**Exercise description**
Could you set down exactly the lines in the records below between the line holding "onto \<open>\<Sigma>\<^sup>0\<^sub>\<theta>(Y)\<close> for every" and the line holding "the induction hypothesis.", inclusive?

START Data in this exercise

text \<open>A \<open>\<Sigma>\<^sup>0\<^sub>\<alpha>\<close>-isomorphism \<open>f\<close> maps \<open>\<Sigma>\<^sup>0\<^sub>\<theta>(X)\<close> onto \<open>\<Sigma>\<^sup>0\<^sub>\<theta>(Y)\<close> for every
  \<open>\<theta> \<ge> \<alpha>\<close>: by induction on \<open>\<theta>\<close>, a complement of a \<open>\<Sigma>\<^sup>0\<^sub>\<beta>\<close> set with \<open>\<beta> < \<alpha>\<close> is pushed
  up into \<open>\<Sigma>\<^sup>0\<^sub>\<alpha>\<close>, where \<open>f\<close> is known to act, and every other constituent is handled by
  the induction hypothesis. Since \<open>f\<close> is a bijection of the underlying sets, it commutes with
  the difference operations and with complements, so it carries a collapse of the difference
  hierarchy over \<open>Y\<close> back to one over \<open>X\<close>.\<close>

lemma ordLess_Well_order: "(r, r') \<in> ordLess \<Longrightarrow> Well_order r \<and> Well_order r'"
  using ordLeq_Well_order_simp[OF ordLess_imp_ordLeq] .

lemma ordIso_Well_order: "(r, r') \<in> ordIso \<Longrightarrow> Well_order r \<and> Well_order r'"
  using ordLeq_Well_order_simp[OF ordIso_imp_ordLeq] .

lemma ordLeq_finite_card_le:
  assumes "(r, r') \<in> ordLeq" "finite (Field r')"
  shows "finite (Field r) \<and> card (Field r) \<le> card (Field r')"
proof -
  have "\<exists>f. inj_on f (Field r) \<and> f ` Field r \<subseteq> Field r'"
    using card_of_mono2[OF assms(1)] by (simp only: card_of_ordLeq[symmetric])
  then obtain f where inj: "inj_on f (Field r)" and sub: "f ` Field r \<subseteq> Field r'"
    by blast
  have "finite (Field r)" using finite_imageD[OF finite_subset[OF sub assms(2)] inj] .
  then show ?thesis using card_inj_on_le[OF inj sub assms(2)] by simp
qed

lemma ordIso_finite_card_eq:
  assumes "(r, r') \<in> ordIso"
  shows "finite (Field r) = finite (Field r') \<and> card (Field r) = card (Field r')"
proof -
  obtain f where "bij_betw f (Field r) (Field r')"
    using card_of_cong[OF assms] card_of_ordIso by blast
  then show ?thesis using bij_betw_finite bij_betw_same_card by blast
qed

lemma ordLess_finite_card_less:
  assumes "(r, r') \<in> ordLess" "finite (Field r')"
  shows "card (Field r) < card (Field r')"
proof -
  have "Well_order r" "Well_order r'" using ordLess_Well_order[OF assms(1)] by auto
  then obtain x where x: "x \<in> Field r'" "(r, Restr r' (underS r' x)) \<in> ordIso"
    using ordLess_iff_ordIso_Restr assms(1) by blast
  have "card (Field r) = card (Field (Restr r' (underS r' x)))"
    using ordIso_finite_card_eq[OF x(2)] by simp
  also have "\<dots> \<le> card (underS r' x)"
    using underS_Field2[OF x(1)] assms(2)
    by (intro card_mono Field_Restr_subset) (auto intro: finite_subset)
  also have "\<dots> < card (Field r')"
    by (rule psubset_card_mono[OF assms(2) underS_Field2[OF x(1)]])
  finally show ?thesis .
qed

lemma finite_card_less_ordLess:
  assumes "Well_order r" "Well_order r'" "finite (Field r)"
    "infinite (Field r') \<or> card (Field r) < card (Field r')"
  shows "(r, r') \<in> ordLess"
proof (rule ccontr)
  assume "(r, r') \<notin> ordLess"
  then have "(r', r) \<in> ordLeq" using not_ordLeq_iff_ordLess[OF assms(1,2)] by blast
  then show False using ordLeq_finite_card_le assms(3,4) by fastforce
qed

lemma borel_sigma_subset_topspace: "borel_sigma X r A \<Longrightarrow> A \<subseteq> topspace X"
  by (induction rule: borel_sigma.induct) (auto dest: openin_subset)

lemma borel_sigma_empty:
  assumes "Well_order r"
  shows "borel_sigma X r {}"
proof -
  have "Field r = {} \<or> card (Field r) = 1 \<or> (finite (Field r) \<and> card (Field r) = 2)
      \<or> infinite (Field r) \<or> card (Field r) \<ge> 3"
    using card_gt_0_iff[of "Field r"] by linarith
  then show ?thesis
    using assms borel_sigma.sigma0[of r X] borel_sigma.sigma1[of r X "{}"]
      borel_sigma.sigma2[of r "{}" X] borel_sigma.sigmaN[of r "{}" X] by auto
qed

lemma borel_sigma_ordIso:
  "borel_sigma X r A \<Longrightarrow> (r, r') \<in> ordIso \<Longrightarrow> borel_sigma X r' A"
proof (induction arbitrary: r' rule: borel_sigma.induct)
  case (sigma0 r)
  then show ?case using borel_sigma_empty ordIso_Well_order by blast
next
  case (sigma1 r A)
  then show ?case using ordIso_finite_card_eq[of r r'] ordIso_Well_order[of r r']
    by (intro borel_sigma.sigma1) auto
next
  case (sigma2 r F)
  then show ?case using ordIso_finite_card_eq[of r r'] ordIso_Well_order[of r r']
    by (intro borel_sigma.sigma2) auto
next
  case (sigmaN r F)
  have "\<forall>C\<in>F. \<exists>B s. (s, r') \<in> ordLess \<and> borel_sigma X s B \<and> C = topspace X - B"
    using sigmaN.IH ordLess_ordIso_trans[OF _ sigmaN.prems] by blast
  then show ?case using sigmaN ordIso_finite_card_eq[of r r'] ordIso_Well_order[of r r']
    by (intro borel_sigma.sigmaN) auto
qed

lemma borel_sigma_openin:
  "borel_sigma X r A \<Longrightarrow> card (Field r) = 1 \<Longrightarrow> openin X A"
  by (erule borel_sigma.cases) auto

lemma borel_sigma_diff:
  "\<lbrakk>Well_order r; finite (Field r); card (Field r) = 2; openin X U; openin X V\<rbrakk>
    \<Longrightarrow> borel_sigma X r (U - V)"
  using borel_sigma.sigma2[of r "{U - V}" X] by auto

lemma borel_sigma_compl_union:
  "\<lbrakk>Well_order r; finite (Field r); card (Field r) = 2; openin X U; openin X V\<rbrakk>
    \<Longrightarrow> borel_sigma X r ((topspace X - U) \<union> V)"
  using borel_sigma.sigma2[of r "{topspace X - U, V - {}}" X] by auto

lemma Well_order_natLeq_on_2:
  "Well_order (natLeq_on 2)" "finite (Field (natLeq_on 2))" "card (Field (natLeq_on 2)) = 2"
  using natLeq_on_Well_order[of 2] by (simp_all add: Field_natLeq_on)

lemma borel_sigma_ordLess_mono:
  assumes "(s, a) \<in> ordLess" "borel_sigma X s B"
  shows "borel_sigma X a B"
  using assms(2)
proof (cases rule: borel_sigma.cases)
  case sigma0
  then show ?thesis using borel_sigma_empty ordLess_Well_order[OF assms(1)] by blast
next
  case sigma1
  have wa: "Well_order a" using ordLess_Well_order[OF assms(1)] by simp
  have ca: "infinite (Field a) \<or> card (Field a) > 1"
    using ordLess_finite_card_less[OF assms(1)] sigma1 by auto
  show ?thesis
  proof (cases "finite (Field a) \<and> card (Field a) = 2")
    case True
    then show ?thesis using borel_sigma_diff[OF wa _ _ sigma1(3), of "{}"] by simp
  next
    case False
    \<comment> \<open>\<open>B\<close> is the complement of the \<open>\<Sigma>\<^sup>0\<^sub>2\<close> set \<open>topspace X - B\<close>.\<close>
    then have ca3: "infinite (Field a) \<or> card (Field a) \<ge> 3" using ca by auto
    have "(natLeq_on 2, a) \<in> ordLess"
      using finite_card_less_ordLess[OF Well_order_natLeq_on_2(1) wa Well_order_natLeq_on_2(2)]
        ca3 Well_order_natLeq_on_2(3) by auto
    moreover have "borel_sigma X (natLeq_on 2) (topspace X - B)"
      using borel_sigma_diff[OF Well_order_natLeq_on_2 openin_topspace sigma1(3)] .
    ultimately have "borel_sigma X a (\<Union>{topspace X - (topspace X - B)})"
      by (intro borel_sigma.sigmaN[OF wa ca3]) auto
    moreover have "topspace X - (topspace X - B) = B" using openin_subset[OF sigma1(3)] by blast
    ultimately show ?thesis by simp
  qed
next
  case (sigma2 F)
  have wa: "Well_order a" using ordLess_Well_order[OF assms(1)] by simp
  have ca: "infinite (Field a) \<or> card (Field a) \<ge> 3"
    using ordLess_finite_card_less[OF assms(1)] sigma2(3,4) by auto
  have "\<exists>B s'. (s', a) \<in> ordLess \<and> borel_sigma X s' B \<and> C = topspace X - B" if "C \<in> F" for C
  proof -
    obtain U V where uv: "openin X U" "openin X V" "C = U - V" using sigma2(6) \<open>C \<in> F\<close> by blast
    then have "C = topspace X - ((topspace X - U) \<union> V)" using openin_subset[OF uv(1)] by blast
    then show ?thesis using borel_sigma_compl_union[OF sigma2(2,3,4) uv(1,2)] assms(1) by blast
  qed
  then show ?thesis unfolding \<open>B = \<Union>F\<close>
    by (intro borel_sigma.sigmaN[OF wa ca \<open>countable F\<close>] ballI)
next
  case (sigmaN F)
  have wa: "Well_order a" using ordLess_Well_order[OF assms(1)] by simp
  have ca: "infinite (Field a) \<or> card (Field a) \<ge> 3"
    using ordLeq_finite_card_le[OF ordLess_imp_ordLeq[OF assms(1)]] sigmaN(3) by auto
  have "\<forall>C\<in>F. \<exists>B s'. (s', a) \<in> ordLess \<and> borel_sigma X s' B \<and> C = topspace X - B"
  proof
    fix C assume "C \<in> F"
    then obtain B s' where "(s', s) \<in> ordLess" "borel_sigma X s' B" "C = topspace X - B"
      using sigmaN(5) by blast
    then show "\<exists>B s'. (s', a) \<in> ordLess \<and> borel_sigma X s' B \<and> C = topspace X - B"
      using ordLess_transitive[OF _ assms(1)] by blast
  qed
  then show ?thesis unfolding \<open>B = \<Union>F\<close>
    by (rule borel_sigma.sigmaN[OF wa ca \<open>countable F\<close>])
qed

END Data in this exercise
START Data in this exercise

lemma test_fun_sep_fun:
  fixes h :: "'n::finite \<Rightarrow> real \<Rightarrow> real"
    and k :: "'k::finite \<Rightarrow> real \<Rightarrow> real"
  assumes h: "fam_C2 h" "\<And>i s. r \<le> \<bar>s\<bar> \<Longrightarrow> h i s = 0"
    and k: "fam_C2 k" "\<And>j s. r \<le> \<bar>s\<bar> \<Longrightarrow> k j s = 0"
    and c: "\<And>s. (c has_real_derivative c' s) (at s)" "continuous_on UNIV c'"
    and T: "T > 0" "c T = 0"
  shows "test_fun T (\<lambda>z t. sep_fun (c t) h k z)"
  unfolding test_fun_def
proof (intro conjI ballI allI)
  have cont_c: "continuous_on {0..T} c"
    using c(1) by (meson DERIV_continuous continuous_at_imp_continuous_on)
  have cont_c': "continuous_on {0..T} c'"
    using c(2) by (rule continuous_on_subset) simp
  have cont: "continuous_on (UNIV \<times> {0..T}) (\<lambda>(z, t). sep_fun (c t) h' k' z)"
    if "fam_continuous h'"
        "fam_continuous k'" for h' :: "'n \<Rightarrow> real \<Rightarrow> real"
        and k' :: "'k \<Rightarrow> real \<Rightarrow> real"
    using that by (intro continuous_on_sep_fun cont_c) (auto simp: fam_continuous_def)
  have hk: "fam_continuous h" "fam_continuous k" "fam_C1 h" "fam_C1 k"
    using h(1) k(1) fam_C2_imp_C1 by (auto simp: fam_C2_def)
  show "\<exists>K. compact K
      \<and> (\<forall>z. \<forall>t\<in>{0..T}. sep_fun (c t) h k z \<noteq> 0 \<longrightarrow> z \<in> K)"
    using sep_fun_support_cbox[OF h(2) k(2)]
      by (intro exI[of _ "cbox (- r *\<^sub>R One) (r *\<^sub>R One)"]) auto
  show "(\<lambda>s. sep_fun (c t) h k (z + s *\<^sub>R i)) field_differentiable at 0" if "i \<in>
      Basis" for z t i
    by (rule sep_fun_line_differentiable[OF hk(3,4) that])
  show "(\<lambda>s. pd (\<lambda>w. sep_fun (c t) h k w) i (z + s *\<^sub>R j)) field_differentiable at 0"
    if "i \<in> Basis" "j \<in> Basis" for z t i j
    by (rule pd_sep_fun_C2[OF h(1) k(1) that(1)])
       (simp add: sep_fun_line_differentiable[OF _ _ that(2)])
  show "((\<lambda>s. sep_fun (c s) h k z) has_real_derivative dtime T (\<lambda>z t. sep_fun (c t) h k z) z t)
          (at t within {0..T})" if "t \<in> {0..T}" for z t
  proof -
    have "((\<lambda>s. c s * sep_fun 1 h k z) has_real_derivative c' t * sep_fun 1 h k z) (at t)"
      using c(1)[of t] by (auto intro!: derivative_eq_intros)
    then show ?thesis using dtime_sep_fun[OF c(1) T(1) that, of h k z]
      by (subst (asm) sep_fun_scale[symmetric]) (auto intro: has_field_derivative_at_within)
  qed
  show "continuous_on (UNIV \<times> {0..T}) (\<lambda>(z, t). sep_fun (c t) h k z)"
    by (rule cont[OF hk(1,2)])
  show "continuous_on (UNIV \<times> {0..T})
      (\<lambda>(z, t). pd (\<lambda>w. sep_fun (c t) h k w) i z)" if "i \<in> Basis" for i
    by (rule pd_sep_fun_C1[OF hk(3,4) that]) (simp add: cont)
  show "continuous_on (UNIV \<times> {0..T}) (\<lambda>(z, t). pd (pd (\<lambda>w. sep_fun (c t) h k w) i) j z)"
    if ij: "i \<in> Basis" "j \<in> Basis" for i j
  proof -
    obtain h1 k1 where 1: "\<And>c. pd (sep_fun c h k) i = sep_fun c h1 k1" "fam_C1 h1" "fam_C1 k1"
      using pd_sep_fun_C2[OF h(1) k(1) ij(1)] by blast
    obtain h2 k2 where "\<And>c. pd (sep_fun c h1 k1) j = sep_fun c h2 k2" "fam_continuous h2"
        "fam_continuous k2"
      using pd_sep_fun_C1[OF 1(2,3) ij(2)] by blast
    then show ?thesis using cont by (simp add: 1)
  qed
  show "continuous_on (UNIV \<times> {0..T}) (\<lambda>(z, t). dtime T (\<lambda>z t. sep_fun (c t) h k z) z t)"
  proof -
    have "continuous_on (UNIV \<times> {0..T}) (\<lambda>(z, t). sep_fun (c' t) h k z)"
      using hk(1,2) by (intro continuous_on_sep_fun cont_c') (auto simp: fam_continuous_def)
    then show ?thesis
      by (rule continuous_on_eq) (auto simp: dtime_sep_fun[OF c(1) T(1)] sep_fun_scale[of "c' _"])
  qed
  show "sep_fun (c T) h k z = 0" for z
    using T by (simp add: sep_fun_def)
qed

END Data in this exercise
START Data in this exercise

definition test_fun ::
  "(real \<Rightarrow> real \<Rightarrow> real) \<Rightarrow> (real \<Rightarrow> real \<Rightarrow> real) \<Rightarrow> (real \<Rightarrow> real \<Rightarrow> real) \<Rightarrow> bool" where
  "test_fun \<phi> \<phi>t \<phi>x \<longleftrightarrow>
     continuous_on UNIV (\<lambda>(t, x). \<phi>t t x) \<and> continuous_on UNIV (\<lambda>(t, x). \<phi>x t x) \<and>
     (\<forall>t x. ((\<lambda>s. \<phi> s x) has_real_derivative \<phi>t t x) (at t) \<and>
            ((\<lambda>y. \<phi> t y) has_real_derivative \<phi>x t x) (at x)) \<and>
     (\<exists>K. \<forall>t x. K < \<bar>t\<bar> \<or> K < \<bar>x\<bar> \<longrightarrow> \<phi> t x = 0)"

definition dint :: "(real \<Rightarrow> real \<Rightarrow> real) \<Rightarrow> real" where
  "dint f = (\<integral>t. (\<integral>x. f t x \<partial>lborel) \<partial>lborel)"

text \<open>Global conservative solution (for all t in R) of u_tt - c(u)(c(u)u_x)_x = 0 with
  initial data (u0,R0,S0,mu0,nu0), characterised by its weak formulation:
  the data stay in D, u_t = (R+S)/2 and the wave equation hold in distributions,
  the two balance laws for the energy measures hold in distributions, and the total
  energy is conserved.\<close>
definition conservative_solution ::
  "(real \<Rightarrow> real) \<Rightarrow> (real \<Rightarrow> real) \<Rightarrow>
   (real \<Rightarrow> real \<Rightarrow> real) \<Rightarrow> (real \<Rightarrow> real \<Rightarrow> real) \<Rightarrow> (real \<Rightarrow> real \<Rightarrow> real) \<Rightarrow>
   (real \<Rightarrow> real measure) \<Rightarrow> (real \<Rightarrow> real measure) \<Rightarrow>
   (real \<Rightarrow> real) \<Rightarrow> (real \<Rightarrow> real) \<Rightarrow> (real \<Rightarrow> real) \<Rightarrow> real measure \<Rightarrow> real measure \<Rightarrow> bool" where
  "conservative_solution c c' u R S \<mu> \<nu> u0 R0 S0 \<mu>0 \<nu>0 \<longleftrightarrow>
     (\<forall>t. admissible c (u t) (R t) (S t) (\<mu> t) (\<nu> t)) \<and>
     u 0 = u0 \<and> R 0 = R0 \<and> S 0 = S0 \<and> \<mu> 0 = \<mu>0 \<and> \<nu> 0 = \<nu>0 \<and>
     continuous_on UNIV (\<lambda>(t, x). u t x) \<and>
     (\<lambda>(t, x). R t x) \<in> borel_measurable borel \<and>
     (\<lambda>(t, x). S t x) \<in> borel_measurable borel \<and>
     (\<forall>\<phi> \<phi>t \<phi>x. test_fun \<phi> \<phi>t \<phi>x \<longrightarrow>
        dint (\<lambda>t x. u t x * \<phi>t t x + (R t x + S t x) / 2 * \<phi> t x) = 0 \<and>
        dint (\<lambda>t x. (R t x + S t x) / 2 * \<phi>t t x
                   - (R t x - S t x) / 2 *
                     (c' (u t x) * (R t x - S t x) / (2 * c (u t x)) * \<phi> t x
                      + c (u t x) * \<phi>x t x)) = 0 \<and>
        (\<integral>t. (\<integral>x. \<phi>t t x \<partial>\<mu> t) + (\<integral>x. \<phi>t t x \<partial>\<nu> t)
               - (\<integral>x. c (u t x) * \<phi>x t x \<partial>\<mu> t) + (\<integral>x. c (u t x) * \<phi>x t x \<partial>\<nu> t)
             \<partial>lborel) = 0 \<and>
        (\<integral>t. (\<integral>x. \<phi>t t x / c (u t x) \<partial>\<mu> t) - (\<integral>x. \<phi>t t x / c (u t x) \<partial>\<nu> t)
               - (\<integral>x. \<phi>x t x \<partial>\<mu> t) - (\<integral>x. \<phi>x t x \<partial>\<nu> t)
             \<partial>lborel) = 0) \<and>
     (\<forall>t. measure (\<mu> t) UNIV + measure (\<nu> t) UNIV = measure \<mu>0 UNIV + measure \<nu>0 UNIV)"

END Data in this exercise

**Reply to the task**
text \<open>A \<open>\<Sigma>\<^sup>0\<^sub>\<alpha>\<close>-isomorphism \<open>f\<close> maps \<open>\<Sigma>\<^sup>0\<^sub>\<theta>(X)\<close> onto \<open>\<Sigma>\<^sup>0\<^sub>\<theta>(Y)\<close> for every
  \<open>\<theta> \<ge> \<alpha>\<close>: by induction on \<open>\<theta>\<close>, a complement of a \<open>\<Sigma>\<^sup>0\<^sub>\<beta>\<close> set with \<open>\<beta> < \<alpha>\<close> is pushed
  up into \<open>\<Sigma>\<^sup>0\<^sub>\<alpha>\<close>, where \<open>f\<close> is known to act, and every other constituent is handled by
  the induction hypothesis. Since \<open>f\<close> is a bijection of the underlying sets, it commutes with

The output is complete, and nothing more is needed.